For further information, please contact:
VANE Minerals Plc Matt Idiens/David Newton VANE Minerals plc
|
+44 (0) 20 7667 6322 |
Allenby Capital (Nominated Adviser & Joint Broker) Jeremy Porter/Alex Price
|
+44 (0) 20 3328 5656
|
Northland Capital Markets (Joint Broker) Louis Castro
|
+44 (0) 20 7796 8821 |
Bankside Consultants Simon Rothschild
|
+44 (0) 20 7367 8888 |
CHAIRMAN'S STATEMENT
I am pleased to announce that 2012 was the year that VANE declared its maiden profit before tax. This is as a result of our Mexican subsidiary, Minerales VANE, making significant progress in increasing its financial contribution to the Group. During the course of 2012, the Company had 11 months of production from our joint venture with Met-Sin and one month of production from our 100%-owned Diablito Mine. As a result, grades and recovery rates improved leading to substantially more revenue being generated and this is reflected in the Company's financial results for the year. Minerales VANE is expected to continue to perform strongly, generating significant cash resources for the Group.
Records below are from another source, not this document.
theorem lemma2p5:
  fixes G :: "'x::{real_inner,complete_space} \<times> 'w::banach \<Rightarrow> real"
    and gradG :: "'x \<Rightarrow> 'w \<Rightarrow> 'x"
    and lam c L :: real
    and \<mu>1 :: "'w \<Rightarrow> real \<Rightarrow> real"
    and \<mu>2 :: "real \<Rightarrow> real"
    and K :: real
  assumes G_nonneg: "\<And>p. G p \<ge> 0"
    and G_loclip: "locally_lipschitz G"
    and grad: "\<And>x w y. ((\<lambda>t. (G (x + t *\<^sub>R y, w) - G (x, w)) / t)
                         \<longlongrightarrow> inner (gradG x w) y) (at 0)"
    and consts_pos: "lam > 0" "c > 0" "L > 0"
    and \<mu>1_nonneg: "\<And>w s. s \<ge> 0 \<Longrightarrow> \<mu>1 w s \<ge> 0"
    and \<mu>2_nonneg: "\<And>s. s \<ge> 0 \<Longrightarrow> \<mu>2 s \<ge> 0"
    and \<mu>1_0: "\<And>w. \<mu>1 w 0 = 0"
    and \<mu>2_0: "\<mu>2 0 = 0"
    and \<mu>1_lim: "\<And>w. filterlim (\<mu>1 w) at_top at_top"
    and \<mu>2_lim: "filterlim \<mu>2 at_top at_top"
    and H1: "\<And>x w. G (x, w) = 1 \<Longrightarrow> norm (gradG x w) \<ge> c"
    and H2: "\<And>x y w. x \<in> Zset G w \<Longrightarrow> y \<in> Zset G w \<Longrightarrow>
               norm (gradG x w - gradG y w) \<le> \<mu>1 w (norm (x - y))"
    and H3: "\<And>x z w. x \<in> frontier (Zset G w) \<Longrightarrow> z \<in> Zset G w \<Longrightarrow>
               inner (gradG x w - gradG z w) (x - z) \<ge> - lam * (norm (x - z))\<^sup>2"
    and H4: "\<And>x w w'. \<bar>G (x, w) - G (x, w')\<bar> \<le> L * norm (w - w')"
    and H5: "\<And>x w \<rho>. \<rho> > 0 \<Longrightarrow> infdist x (Zset G w) \<ge> \<rho> \<Longrightarrow> G (x, w) - 1 \<ge> \<mu>2 \<rho>"
    and K_pos: "K > 0"
  shows "\<exists>mK>0. \<forall>w w' x x'. max (norm w) (norm w') \<le> K \<longrightarrow> norm (w - w') < mK \<longrightarrow>
           x \<in> Zset G w \<longrightarrow> x' \<in> Zset G w' \<longrightarrow>
           ereal \<bar>infdist x (frontier (Zset G w)) - infdist x' (frontier (Zset G w'))\<bar>
             \<le> ereal (norm (x - x')) + hausdorff_dist (Zset G w) (Zset G w')"
proof -
  interpret sublevel_family G gradG c lam L
    using continuous_on_if_locally_lipschitz[OF G_loclip] grad consts_pos H1 H3 H4
    by unfold_locales auto
  define mK where "mK = c\<^sup>2 / (8 * lam * L)"
  have small: "4 * L * norm (w - w') / c < c / (2 * lam)" if "norm (w - w') < mK" for w w' :: 'w
  proof -
    have "4 * L * norm (w - w') / c < 4 * L * mK / c"
      using that consts_pos by (simp add: divide_strict_right_mono)
    also have "4 * L * mK / c = c / (2 * lam)"
      using consts_pos by (simp add: mK_def field_simps power2_eq_square)
    finally show ?thesis .
  qed
  have "0 < mK"
    using consts_pos by (simp add: mK_def)
  with small infdist_frontier_diff_le show ?thesis
    by blast
qed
In January 2012, the U.S. Secretary of the Interior announced the anticipated withdrawal from uranium exploration and mining of one million acres of federal lands in northern Arizona where VANE holds substantial interests. VANE has since initiated legal proceedings against the U.S. Department of the Interior with a claim for damages caused by this decision. A resolution to these legal proceedings is expected later in 2013.
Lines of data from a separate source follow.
lemma moeb_eq_affine_cut_coord:
  assumes det: "a * d - b * c = 1" and inf: "moeb a b c d xs = None"
  obtains \<alpha> \<beta> where "\<alpha> > 0" "\<And>t. t \<noteq> xs \<Longrightarrow> moeb a b c d t = Some (\<alpha> * cut_coord xs t + \<beta>)"
proof (cases xs)
  case None
  hence "c = 0" using inf by (auto simp: moeb_def split: if_splits)
  hence ad: "a * d = 1" using det by simp
  hence d0: "d \<noteq> 0" by auto
  hence a: "a = 1 / d" using ad by (simp add: eq_divide_eq)
  have "a / d > 0" using d0 by (simp add: a power2_eq_square[symmetric])
  moreover have "moeb a b c d t = Some (a / d * cut_coord xs t + b / d)" if "t \<noteq> xs" for t
    using that None \<open>c = 0\<close> d0 by (cases t) (auto simp: moeb_def add_divide_distrib)
  ultimately show ?thesis by (rule that)
next
  case (Some x0)
  hence cx: "c * x0 + d = 0" using inf by (auto simp: moeb_def split: if_splits)
  have c0: "c \<noteq> 0" using cx det by auto
  have dd: "d = - c * x0" using cx by simp
  have bb: "b = - a * x0 - 1 / c" using det c0 unfolding dd by (simp add: field_simps)
  have "moeb a b c d t = Some (1 / c^2 * cut_coord xs t + a / c)" if "t \<noteq> xs" for t
  proof (cases t)
    case None thus ?thesis using c0 Some by (simp add: moeb_def)
  next
    case (Some x)
    hence "x \<noteq> x0" using that \<open>xs = Some x0\<close> by auto
    moreover have "c * x + d \<noteq> 0" using c0 \<open>x \<noteq> x0\<close> by (simp add: dd algebra_simps)
    moreover have "(a * x + b) / (c * x + d) = 1 / c^2 * (-1 / (x - x0)) + a / c"
      using c0 \<open>x \<noteq> x0\<close> unfolding bb dd by (simp add: field_simps power2_eq_square)
    ultimately show ?thesis using Some \<open>xs = Some x0\<close> by (simp add: moeb_def)
  qed
  moreover have "1 / c^2 > 0" using c0 by simp
  ultimately show ?thesis using that by blast
qed

lemma cyc_ordered_imp_sorted:
  assumes "cyc_ordered (xs # ts)"
  shows "distinct (xs # ts)" "sorted_wrt (\<lambda>s t. cut_coord xs s < cut_coord xs t) ts"
proof -
  obtain a b c d ys where det: "a * d - b * c = 1" and inf: "moeb a b c d xs = None"
    and ys: "map (moeb a b c d) ts = map Some ys" and so: "sorted_wrt (<) ys"
    using assms unfolding cyc_ordered_def by auto
  show dist: "distinct (xs # ts)" using assms unfolding cyc_ordered_def by simp
  obtain \<alpha> \<beta> where ab: "\<alpha> > 0" "\<And>t. t \<noteq> xs \<Longrightarrow> moeb a b c d t = Some (\<alpha> * cut_coord xs t + \<beta>)"
    using moeb_eq_affine_cut_coord[OF det inf] by blast
  have "map (moeb a b c d) ts = map Some (map (\<lambda>t. \<alpha> * cut_coord xs t + \<beta>) ts)"
    using dist by (auto intro!: map_cong ab(2))
  hence "ys = map (\<lambda>t. \<alpha> * cut_coord xs t + \<beta>) ts" using ys by (metis list.inj_map_strong option.inject)
  hence "sorted_wrt (\<lambda>s t. \<alpha> * cut_coord xs s + \<beta> < \<alpha> * cut_coord xs t + \<beta>) ts"
    using so by (simp add: sorted_wrt_map)
  thus "sorted_wrt (\<lambda>s t. cut_coord xs s < cut_coord xs t) ts"
    by (rule sorted_wrt_mono_rel[rotated]) (use ab(1) in auto)
qed

lemma cyc_ordered_3_iff:
  assumes "distinct [xs, x, c]"
  shows "cyc_ordered [xs, x, c] \<longleftrightarrow> cut_coord xs x < cut_coord xs c"
proof
  assume "cyc_ordered [xs, x, c]"
  thus "cut_coord xs x < cut_coord xs c" using cyc_ordered_imp_sorted(2)[of xs "[x, c]"] by simp
next
  assume lt: "cut_coord xs x < cut_coord xs c"
  show "cyc_ordered [xs, x, c]"
  proof (cases xs)
    case None
    then obtain x' c' where "x = Some x'" "c = Some c'" using assms by (cases x; cases c) auto
    thus ?thesis unfolding cyc_ordered_def using assms lt None
      by (intro conjI exI[of _ 1] exI[of _ 0] exI[of _ 0] exI[of _ 1] exI[of _ "[x', c']"])
        (auto simp: moeb_def)
  next
    case (Some x0)
    have "moeb 0 (-1) 1 (-x0) t = Some (cut_coord xs t)" if "t \<noteq> xs" for t
      using that Some by (cases t) (auto simp: moeb_def)
    hence "map (moeb 0 (-1) 1 (-x0)) [x, c] = map Some [cut_coord xs x, cut_coord xs c]"
      using assms by auto
    moreover have "moeb 0 (-1) 1 (-x0) xs = None" using Some by (simp add: moeb_def)
    ultimately show ?thesis unfolding cyc_ordered_def using assms lt
      by (intro conjI exI[of _ 0] exI[of _ "-1"] exI[of _ 1] exI[of _ "-x0"]
          exI[of _ "[cut_coord xs x, cut_coord xs c]"]) auto
  qed
qed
The majority of VANE's uranium exploration assets are held within its joint venture with Uranium One. In consequence of this withdrawal of Federal lands, the joint venture decided to place all of these uranium exploration assets on a programme of care and maintenance, with the exception of Wate project which has a NI 43-101 Inferred Resource of 1.118M lbs eU3O8. VANE assumed operational control of this project during 2012 and successfully submitted a Mineral Lease application with approval expected during 2014.
Since the year end, VANE has announced that it is seeking to sell its uranium assets and we will announce further information at the appropriate time.
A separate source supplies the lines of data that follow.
(* Let $\Sigma=\{a\}$. For $n\ge0$ let $P_{2n}$ be the pomset with events $e_1,\dots,e_{2n}$ all labelled $a$, precedence $e_i<e_j$ iff $j\ge i+2$, event order $e_i\dashrightarrow e_{i+1}$ and $e_{i+2}\dashrightarrow e_{i+1}$ for odd $i$ (whenever these events exist), i.e. each odd-indexed event is $\dashrightarrow$-before its concurrent even-indexed neighbours, and empty source and target interfaces ($P_0$ is the empty pomset). Then the language $\{P_{2n}\mid n\ge0\}$ is recognized by a finite aperiodic category: there exist a finite category $\mathcal C$ and $N\in\mathbb N$ with $x^{N+1}=x^N$ for every endomorphism $x$ of $\mathcal C$, $K\subseteq\mathrm{Mor}(\mathcal C)$ and a functor $F:\mathrm{iiPoms}\to\mathcal C$ with $\{P_{2n}\mid n\ge0\}=F^{-1}(K)$.
   Context: Pomsets $(P,<,\dashrightarrow,\lambda,S,T)$ over $\Sigma$: $P$ finite, $<$ a strict partial interval order, $\dashrightarrow$ acyclic relating (in one direction) distinct $<$-incomparable elements, $\lambda:P\to\Sigma$, $S$/$T$ sets of $<$-minimal/maximal elements viewed as conclists (finite sets with strict total order and labelling); up to isomorphism. $\mathrm{iiPoms}$: category with objects conclists, morphisms $U\to V$ pomsets with source $U$, target $V$, composition the gluing $P*Q$ (identify $T_P$ with $S_Q$; precedence $<_P\cup<_Q\cup(P\setminus T_P)\times(Q\setminus S_Q)$; event orders and labels united; source $S_P$, target $T_Q$), identities $\mathrm{id}_U=(U,\emptyset,\dashrightarrow,\lambda,U,U)$. *)

theory Defs
  imports Main
begin

text \<open>Events are natural numbers; objects and morphisms of iiPoms are isomorphism classes,
  represented here by concrete representatives together with invariance under isomorphism.\<close>

record 'a conclist =
  cl_car :: "nat set"
  cl_ord :: "(nat \<times> nat) set"
  cl_lab :: "nat \<Rightarrow> 'a"

record 'a ipomset =
  pcar :: "nat set"
  plt  :: "(nat \<times> nat) set"
  pev  :: "(nat \<times> nat) set"
  plab :: "nat \<Rightarrow> 'a"
  psrc :: "nat set"
  ptgt :: "nat set"

definition is_conclist :: "'a conclist \<Rightarrow> bool" where
  "is_conclist U \<longleftrightarrow> finite (cl_car U) \<and> cl_ord U \<subseteq> cl_car U \<times> cl_car U
     \<and> irrefl (cl_ord U) \<and> trans (cl_ord U)
     \<and> (\<forall>x\<in>cl_car U. \<forall>y\<in>cl_car U. x \<noteq> y \<longrightarrow> (x,y) \<in> cl_ord U \<or> (y,x) \<in> cl_ord U)"

definition conclist_iso :: "'a conclist \<Rightarrow> 'a conclist \<Rightarrow> bool" where
  "conclist_iso U V \<longleftrightarrow> (\<exists>f. bij_betw f (cl_car U) (cl_car V)
     \<and> (\<forall>x\<in>cl_car U. cl_lab V (f x) = cl_lab U x)
     \<and> (\<forall>x\<in>cl_car U. \<forall>y\<in>cl_car U. (f x, f y) \<in> cl_ord V \<longleftrightarrow> (x,y) \<in> cl_ord U))"

definition is_ipomset :: "'a ipomset \<Rightarrow> bool" where
  "is_ipomset P \<longleftrightarrow> finite (pcar P)
     \<and> plt P \<subseteq> pcar P \<times> pcar P \<and> pev P \<subseteq> pcar P \<times> pcar P
     \<and> irrefl (plt P) \<and> trans (plt P)
     \<and> (\<forall>a b c d. (a,b) \<in> plt P \<and> (c,d) \<in> plt P \<longrightarrow> (a,d) \<in> plt P \<or> (c,b) \<in> plt P)
     \<and> acyclic (pev P)
     \<and> (\<forall>x y. (x,y) \<in> pev P \<longrightarrow> (x,y) \<notin> plt P \<and> (y,x) \<notin> plt P)
     \<and> (\<forall>x\<in>pcar P. \<forall>y\<in>pcar P. x \<noteq> y \<and> (x,y) \<notin> plt P \<and> (y,x) \<notin> plt P
          \<longrightarrow> (x,y) \<in> pev P \<or> (y,x) \<in> pev P)
     \<and> psrc P \<subseteq> pcar P \<and> ptgt P \<subseteq> pcar P
     \<and> (\<forall>x\<in>psrc P. \<forall>y. (y,x) \<notin> plt P)
     \<and> (\<forall>x\<in>ptgt P. \<forall>y. (x,y) \<notin> plt P)"

definition ipomset_iso :: "'a ipomset \<Rightarrow> 'a ipomset \<Rightarrow> bool" where
  "ipomset_iso P Q \<longleftrightarrow> (\<exists>f. bij_betw f (pcar P) (pcar Q)
     \<and> (\<forall>x\<in>pcar P. plab Q (f x) = plab P x)
     \<and> (\<forall>x\<in>pcar P. \<forall>y\<in>pcar P. (f x, f y) \<in> plt Q \<longleftrightarrow> (x,y) \<in> plt P)
     \<and> (\<forall>x\<in>pcar P. \<forall>y\<in>pcar P. (f x, f y) \<in> pev Q \<longleftrightarrow> (x,y) \<in> pev P)
     \<and> f ` psrc P = psrc Q \<and> f ` ptgt P = ptgt Q)"

definition src_cl :: "'a ipomset \<Rightarrow> 'a conclist" where
  "src_cl P = \<lparr>cl_car = psrc P, cl_ord = pev P \<inter> (psrc P \<times> psrc P), cl_lab = plab P\<rparr>"

definition tgt_cl :: "'a ipomset \<Rightarrow> 'a conclist" where
  "tgt_cl P = \<lparr>cl_car = ptgt P, cl_ord = pev P \<inter> (ptgt P \<times> ptgt P), cl_lab = plab P\<rparr>"

definition id_pom :: "'a conclist \<Rightarrow> 'a ipomset" where
  "id_pom U = \<lparr>pcar = cl_car U, plt = {}, pev = cl_ord U, plab = cl_lab U,
               psrc = cl_car U, ptgt = cl_car U\<rparr>"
VANE has also announced that the Company's U.S. porphyry copper exploration programme is best advanced by seeking to attract external third parties to help finance the proposed programme. The targets developed by the programme require additional funding beyond the present funding capabilities of the Company. This is expected to be through direct finance into either the individual exploration targets or into AVEN Associates LLC, the Company's wholly-owned subsidiary that holds the copper assets. Such financing would allow the Company to accelerate its exploration programme over and above what is currently achievable from VANE's existing resources. This process is underway and further information will be announced as it becomes available. In the meantime, the proposed exploration programme has been paused whilst the search for an appropriate partner to help provide these additional resources continues.
Post the year-end we announced that David Newton is stepping down as CEO from 31 July 2013 and we are pleased to announce that he is being replaced in that role by Matthew Idiens, a long-serving director of VANE.
We would like to thank our investors for their continuing support. We look forward to updating you with our progress throughout the rest of 2013.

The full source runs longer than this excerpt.